Potential Environmental Impacts
This process has a number of potential environmental implications. One, featured prominently in the movie Gasland, is that the methane released during extraction could contaminate household drinking water. Professor Saiers observed that if gas wells are improperly cased, then methane can indeed migrate along the borehole and escape into drinking water aquifers. However, he cautioned that these leaks can be avoided by following best practices, and noted that methane sometimes occurs naturally in aquifers or could originate from abandoned oil and gas wells not associated with fracking.
Another concern is that the chemicals used in fracking will contaminate groundwater. Yet the seriousness of this risk is a subject of dispute. For example, Rebecca Wodder, President Obama’s former nominee for Assistant Secretary of Interior for Fish, Wildlife, and Parks, has charged that fracking creates a toxic chemical soup that pollutes groundwater and streams. By contrast, Lisa Jackson, the Administrator of the U.S. Environmental Protection Agency, has stated that she is not aware of any proven case in which the fracking process itself has affected water. Professor Saiers conceded that it’s difficult to reconcile these opposing views. However, he observed that the most likely way contamination would occur would be through surface spills and “flow-back” of frac-water, which could happen during transportation, through accidental releases at the drill sites, or because of leaks in the pits that store flow-back water.
An additional concern is the impact that shale gas has on the climate. While burning gas is cleaner than combusting coal, the carbon emissions footprint of burning gas is still non-negligible (roughly 50% of the carbon emissions from coal). Moreover, the process used to extract shale gas can release or “leak” this gas, a.k.a. methane, which is itself an extremely potent greenhouse gas, into the atmosphere. Unfortunately, estimates of how much methane is released during the extraction process vary dramatically. Thus, more research on this subject is urgently needed, since the total climate impact of natural gas development depends to a great extent on the magnitude of this methane leakage. (This critical issue will be the subject of the second webinar in the Emerging Issues in Shale Gas Development series from 12-1pm EST on Thursday, November 8, when Dr. Ramon Alvarez discusses “What It Takes To Get Sustained Climate Benefits from Natural Gas.”)
Shale gas development could have other negative environmental consequences as well, including landscape disturbance and decreased air quality. During the Q&A session following Professor Saiers’ presentation, one question also concerned the potential of fracking to lead to earthquakes. Professor Saiers stated that there is a general scientific consensus that fracking can induce some small amounts of seismic activity, but that current research suggests that it may do so at a level that is not threatening. Professor Saiers also discussed the large volumes of water used in fracking, and noted that the impact of this practice will vary depending on regional water availability.
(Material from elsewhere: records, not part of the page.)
lemma pdx_bfun:
  fixes f :: "real^'n \<Rightarrow> real \<Rightarrow> real"
  assumes f: "partials_differentiable f" and N: "2 \<le> N" and y: "0 < sqnorm N y"
  defines "k \<equiv> 1 / (real (CARD('n) + N) - 2)" and "s \<equiv> sqnorm N y / (2 * real N)"
  shows "pdx j (bfun N f) x y
           = sqrt (2 * s) * exp (k * f x s) * pds [Some j] f x s * (1 + (2 - real CARD('n)) * k) / sqrt (real N)"
proof -
  have s: "0 < s" and N0: "0 < real N"
    using N y by (simp_all add: s_def)
  have c: "0 < real (CARD('n) + N) - 2"
    using N zero_less_card_finite[where 'a = 'n] by linarith
  have "pdx j (bfun N f) x y = deriv (\<lambda>\<sigma>. sqrt (sqnorm N y) * exp (k * f (vec_upd x j \<sigma>) s)) (x $ j)"
    by (rule pdx_vec_upd) (simp add: bfun_radial[OF N] k_def s_def)
  also have "\<dots> = sqrt (sqnorm N y) * (exp (k * f x s) * (k * pds [Some j] f x s))"
    by (rule DERIV_imp_deriv) (auto intro!: derivative_eq_intros has_real_derivative_f_x[OF f s])
  also have "sqrt (sqnorm N y) = sqrt (2 * s) * sqrt (real N)"
    using N0 by (simp add: s_def real_sqrt_mult[symmetric])
  finally have "pdx j (bfun N f) x y
      = sqrt (2 * s) * exp (k * f x s) * pds [Some j] f x s * (sqrt (real N) * k)"
    by (simp add: algebra_simps)
  also have "sqrt (real N) * k = (1 + (2 - real CARD('n)) * k) / sqrt (real N)"
    \<comment> \<open>\<open>N * k = 1 + (2 - n) * k\<close> stays bounded as \<open>N\<close> grows\<close>
  proof -
    have "(1 + (2 - real CARD('n)) * k) / sqrt (real N) = k * (real N / sqrt (real N))"
      using c by (simp add: k_def field_simps)
    also have "real N / sqrt (real N) = sqrt (real N)"
      by (rule real_div_sqrt) simp
    finally show ?thesis
      by simp
  qed
  finally show ?thesis
    by (simp add: algebra_simps)
qed

lemma Bfun_pds_on_slab:
  fixes f :: "real^'n \<Rightarrow> real \<Rightarrow> real" and ds :: "'n \<Rightarrow> 'n option list"
  assumes bounded: "\<forall>ds. \<exists>B. \<forall>x t. \<tau>1 \<le> t \<and> t \<le> \<tau>2 \<longrightarrow> \<bar>pds ds f x t\<bar> \<le> B"
    and slab: "\<And>z. z \<in> Z \<Longrightarrow> \<tau>1 \<le> s z \<and> s z \<le> \<tau>2"
  shows "Bfun (\<lambda>z. pds (ds (j z)) f (x z) (s z)) (principal Z)"
proof -
  from bounded have "\<forall>i. \<exists>b. \<forall>x t. \<tau>1 \<le> t \<and> t \<le> \<tau>2 \<longrightarrow> \<bar>pds (ds i) f x t\<bar> \<le> b"
    by blast
  then obtain B where B: "\<forall>i x t. \<tau>1 \<le> t \<and> t \<le> \<tau>2 \<longrightarrow> \<bar>pds (ds i) f x t\<bar> \<le> B i"
    by (auto dest!: choice)
  have "\<bar>pds (ds (j z)) f (x z) (s z)\<bar> \<le> (\<Sum>i\<in>UNIV. \<bar>B i\<bar>)" if "z \<in> Z" for z
  proof -
    have "\<bar>pds (ds (j z)) f (x z) (s z)\<bar> \<le> B (j z)"
      using B slab[OF that] by blast
    also have "\<dots> \<le> (\<Sum>i\<in>UNIV. \<bar>B i\<bar>)"
      using member_le_sum[of "j z" UNIV "\<lambda>i. \<bar>B i\<bar>"] by simp
    finally show ?thesis .
  qed
  then show ?thesis
    by (intro Bfun_principalI) simp
qed

lemma psi_b_profiles_bounded:
  fixes f :: "real^'n \<Rightarrow> real \<Rightarrow> real"
  assumes bounded: "\<forall>ds. \<exists>B. \<forall>x t. \<tau>1 \<le> t \<and> t \<le> \<tau>2 \<longrightarrow> \<bar>pds ds f x t\<bar> \<le> B"
  obtains B where "0 < B" and "\<And>k x s j. 0 \<le> k \<Longrightarrow> k \<le> 1 \<Longrightarrow> \<tau>1 \<le> s \<Longrightarrow> s \<le> \<tau>2 \<Longrightarrow>
      \<bar>psi_profile k f x s\<bar> \<le> B \<and> \<bar>psi_profile_dx k f x s j\<bar> \<le> B
      \<and> \<bar>psi_profile_ds k f x s * sqrt (2 * s)\<bar> \<le> B
      \<and> \<bar>exp (k * f x s) * (1 + 2 * k * s * pds [None] f x s)\<bar> \<le> B
      \<and> \<bar>sqrt (2 * s) * exp (k * f x s) * pds [Some j] f x s * (1 + (2 - real CARD('n)) * k)\<bar> \<le> B"
proof -
  \<comment> \<open>\<open>k = 1 / (m - 2)\<close> lies in \<open>[0, 1]\<close> for every \<open>N\<close>, so a bound over this box is uniform in \<open>N\<close>\<close>
  define Z :: "(real \<times> (real^'n) \<times> real \<times> 'n) set" where "Z = {0..1} \<times> UNIV \<times> {\<tau>1..\<tau>2} \<times> UNIV"
  define k :: "real \<times> (real^'n) \<times> real \<times> 'n \<Rightarrow> real" where "k z = fst z" for z
  define x :: "real \<times> (real^'n) \<times> real \<times> 'n \<Rightarrow> real^'n" where "x z = fst (snd z)" for z
  define s :: "real \<times> (real^'n) \<times> real \<times> 'n \<Rightarrow> real" where "s z = fst (snd (snd z))" for z
  define j :: "real \<times> (real^'n) \<times> real \<times> 'n \<Rightarrow> 'n" where "j z = snd (snd (snd z))" for z
  have slab: "\<tau>1 \<le> s z \<and> s z \<le> \<tau>2" if "z \<in> Z" for z
    using that by (auto simp: Z_def s_def)
  have k_bounded: "Bfun k (principal Z)"
    by (rule Bfun_principalI[where B = 1]) (auto simp: Z_def k_def)
  have s_bounded: "Bfun s (principal Z)"
    by (rule Bfun_principalI[where B = "\<bar>\<tau>1\<bar> + \<bar>\<tau>2\<bar>"]) (use slab in force)
  have pds_bounded: "Bfun (\<lambda>z. pds ds f (x z) (s z)) (principal Z)" for ds
    using Bfun_pds_on_slab[OF bounded, where Z = Z and s = s and ds = "\<lambda>_. ds", OF slab] by simp
  have pds_x_bounded: "Bfun (\<lambda>z. pds (Some (j z) # ds) f (x z) (s z)) (principal Z)" for ds
    using Bfun_pds_on_slab[OF bounded, where Z = Z and s = s and ds = "\<lambda>i. Some i # ds" and j = j, OF slab] by simp
  have f_bounded: "Bfun (\<lambda>z. f (x z) (s z)) (principal Z)"
    using pds_bounded[of "[]"] by simp
  have "Bfun (\<lambda>z. \<bar>psi_profile (k z) f (x z) (s z)\<bar> + \<bar>psi_profile_dx (k z) f (x z) (s z) (j z)\<bar>
      + \<bar>psi_profile_ds (k z) f (x z) (s z) * sqrt (2 * s z)\<bar>
      + \<bar>exp (k z * f (x z) (s z)) * (1 + 2 * k z * s z * pds [None] f (x z) (s z))\<bar>
      + \<bar>sqrt (2 * s z) * exp (k z * f (x z) (s z)) * pds [Some (j z)] f (x z) (s z)
          * (1 + (2 - real CARD('n)) * k z)\<bar>) (principal Z)" (is "Bfun ?E _")
    unfolding psi_profile_def psi_profile_dx_def psi_profile_ds_def psi_poly_def
    by (intro Bfun_add Bfun_diff Bfun_mult Bfun_power Bfun_abs Bfun_exp Bfun_sqrt Bfun_const
        k_bounded s_bounded pds_bounded pds_x_bounded f_bounded)
  then obtain B where "0 < B" and B: "\<forall>z\<in>Z. norm (?E z) \<le> B"
    by (auto elim!: BfunE simp: eventually_principal)
  show thesis
  proof (rule that[OF \<open>0 < B\<close>], goal_cases)
    case (1 k0 x0 s0 j0)
    then have "norm (?E (k0, x0, s0, j0)) \<le> B"
      using B by (simp add: Z_def)
    then show ?case
      unfolding k_def x_def s_def j_def fst_conv snd_conv real_norm_def by (smt (verit))
  qed
qed

lemma psi_b_gradients_le:
  fixes f :: "real^'n \<Rightarrow> real \<Rightarrow> real"
  assumes f: "partials_differentiable f" and heat: "log_heat_equation f" and "0 < \<tau>1"
    and N: "2 \<le> N" and slab: "\<tau>1 \<le> sqnorm N y / (2 * real N)" "sqnorm N y / (2 * real N) \<le> \<tau>2"
    and bound: "\<And>k x s j. 0 \<le> k \<Longrightarrow> k \<le> 1 \<Longrightarrow> \<tau>1 \<le> s \<Longrightarrow> s \<le> \<tau>2 \<Longrightarrow>
      \<bar>psi_profile k f x s\<bar> \<le> B \<and> \<bar>psi_profile_dx k f x s j\<bar> \<le> B
      \<and> \<bar>psi_profile_ds k f x s * sqrt (2 * s)\<bar> \<le> B
      \<and> \<bar>exp (k * f x s) * (1 + 2 * k * s * pds [None] f x s)\<bar> \<le> B
      \<and> \<bar>sqrt (2 * s) * exp (k * f x s) * pds [Some j] f x s * (1 + (2 - real CARD('n)) * k)\<bar> \<le> B"
  shows "\<bar>psifun N f x y\<bar> \<le> B \<and> gradx_norm (psifun N f) x y \<le> sqrt (real CARD('n)) * B
    \<and> grady_norm N (bfun N f) x y \<le> B \<and> grady_norm N (psifun N f) x y \<le> B / sqrt (real N)
    \<and> gradx_norm (bfun N f) x y \<le> sqrt (real CARD('n)) * B / sqrt (real N)"
proof -
  define k s where "k = 1 / (real (CARD('n) + N) - 2)" and "s = sqnorm N y / (2 * real N)"
  have "1 \<le> real (CARD('n) + N) - 2"
    using N zero_less_card_finite[where 'a = 'n] by linarith
  then have "0 \<le> k" "k \<le> 1"
    by (simp_all add: k_def)
  note bound = bound[OF this slab[folded s_def]]
  have s: "0 < s"
    using slab \<open>0 < \<tau>1\<close> by (simp add: s_def)
  then have y: "0 < sqnorm N y"
    by (simp add: s_def zero_less_divide_iff)
  have N0: "0 < sqrt (real N)"
    using N by simp
  have "gradx_norm (psifun N f) x y \<le> sqrt (real CARD('n)) * B"
    using bound by (intro gradx_norm_le) (simp add: pdx_psifun[OF f heat N y, folded k_def s_def])
  moreover have "grady_norm N (psifun N f) x y \<le> B / sqrt (real N)"
    using bound[of x undefined] s N0
    by (simp add: grady_norm_psifun[OF f heat N y, folded k_def s_def] abs_mult divide_right_mono)
  moreover have "gradx_norm (bfun N f) x y \<le> sqrt (real CARD('n)) * (B / sqrt (real N))"
    using bound N0
    by (intro gradx_norm_le) (simp add: pdx_bfun[OF f N y, folded k_def s_def] abs_divide divide_right_mono)
  ultimately show ?thesis
    using bound[of x undefined]
    by (simp add: psifun_eq_psi_profile[OF f heat N y, folded k_def s_def]
        grady_norm_bfun[OF f N y, folded k_def s_def])
qed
Overall, Professor Saiers presented a relatively optimistic view of the potential to develop shale gas, particularly in the Marcellus region, in an environmentally responsible manner. However, he cautioned that more research is still needed on shale gas’ environmental impacts, and that proper regulatory controls and industry best practices (e.g., proper well construction standards, drilling at depths that are sufficiently below drinking water aquifers, and monitoring around gas wells) are necessary to prevent environmental harms. Based on our current understanding, Professor Saiers believes that shale gas can be produced safely if the right safeguards are in place, and he maintained that current development does appear to be safe in a large number of cases.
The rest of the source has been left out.